> [EXERCISE REQUIREMENTS] Go line by line through the data below, counting each one that has "over", and give the final count only.

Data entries

+--

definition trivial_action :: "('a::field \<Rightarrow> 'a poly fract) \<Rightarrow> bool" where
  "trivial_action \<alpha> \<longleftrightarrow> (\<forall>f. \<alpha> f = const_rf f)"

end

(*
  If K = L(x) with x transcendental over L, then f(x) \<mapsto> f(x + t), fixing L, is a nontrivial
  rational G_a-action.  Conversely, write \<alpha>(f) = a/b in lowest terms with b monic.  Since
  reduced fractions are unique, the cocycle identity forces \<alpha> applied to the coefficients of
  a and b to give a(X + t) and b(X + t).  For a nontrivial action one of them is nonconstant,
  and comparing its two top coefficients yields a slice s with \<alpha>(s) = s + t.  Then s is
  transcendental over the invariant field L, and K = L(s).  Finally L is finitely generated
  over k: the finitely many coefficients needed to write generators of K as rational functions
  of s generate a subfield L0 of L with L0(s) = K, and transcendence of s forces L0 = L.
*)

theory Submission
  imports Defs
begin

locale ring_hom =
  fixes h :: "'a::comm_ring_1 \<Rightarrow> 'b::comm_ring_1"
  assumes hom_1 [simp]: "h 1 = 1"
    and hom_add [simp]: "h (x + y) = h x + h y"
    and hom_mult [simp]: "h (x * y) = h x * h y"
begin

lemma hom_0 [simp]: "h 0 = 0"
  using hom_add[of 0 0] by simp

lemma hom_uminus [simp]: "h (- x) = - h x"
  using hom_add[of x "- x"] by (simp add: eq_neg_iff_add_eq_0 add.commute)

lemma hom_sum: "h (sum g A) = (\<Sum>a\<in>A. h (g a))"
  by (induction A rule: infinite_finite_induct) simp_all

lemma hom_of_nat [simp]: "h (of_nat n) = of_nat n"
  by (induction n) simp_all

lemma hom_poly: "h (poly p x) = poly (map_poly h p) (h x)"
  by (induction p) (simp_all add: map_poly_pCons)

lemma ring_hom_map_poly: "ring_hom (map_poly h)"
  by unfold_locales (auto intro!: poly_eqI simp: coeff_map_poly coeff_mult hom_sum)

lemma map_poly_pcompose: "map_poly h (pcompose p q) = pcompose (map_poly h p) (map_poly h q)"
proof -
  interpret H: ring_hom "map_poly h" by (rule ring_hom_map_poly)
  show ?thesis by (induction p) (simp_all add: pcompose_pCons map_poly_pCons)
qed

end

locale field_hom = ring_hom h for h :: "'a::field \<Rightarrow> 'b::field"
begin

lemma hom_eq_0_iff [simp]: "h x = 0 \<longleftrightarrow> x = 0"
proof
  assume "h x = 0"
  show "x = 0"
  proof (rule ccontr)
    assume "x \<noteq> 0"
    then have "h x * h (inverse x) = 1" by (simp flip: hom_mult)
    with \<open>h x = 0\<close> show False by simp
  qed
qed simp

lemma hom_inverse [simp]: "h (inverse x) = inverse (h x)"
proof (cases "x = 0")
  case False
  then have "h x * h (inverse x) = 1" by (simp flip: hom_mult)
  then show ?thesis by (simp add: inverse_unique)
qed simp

+--

> [EXERCISE RESPONSE] 3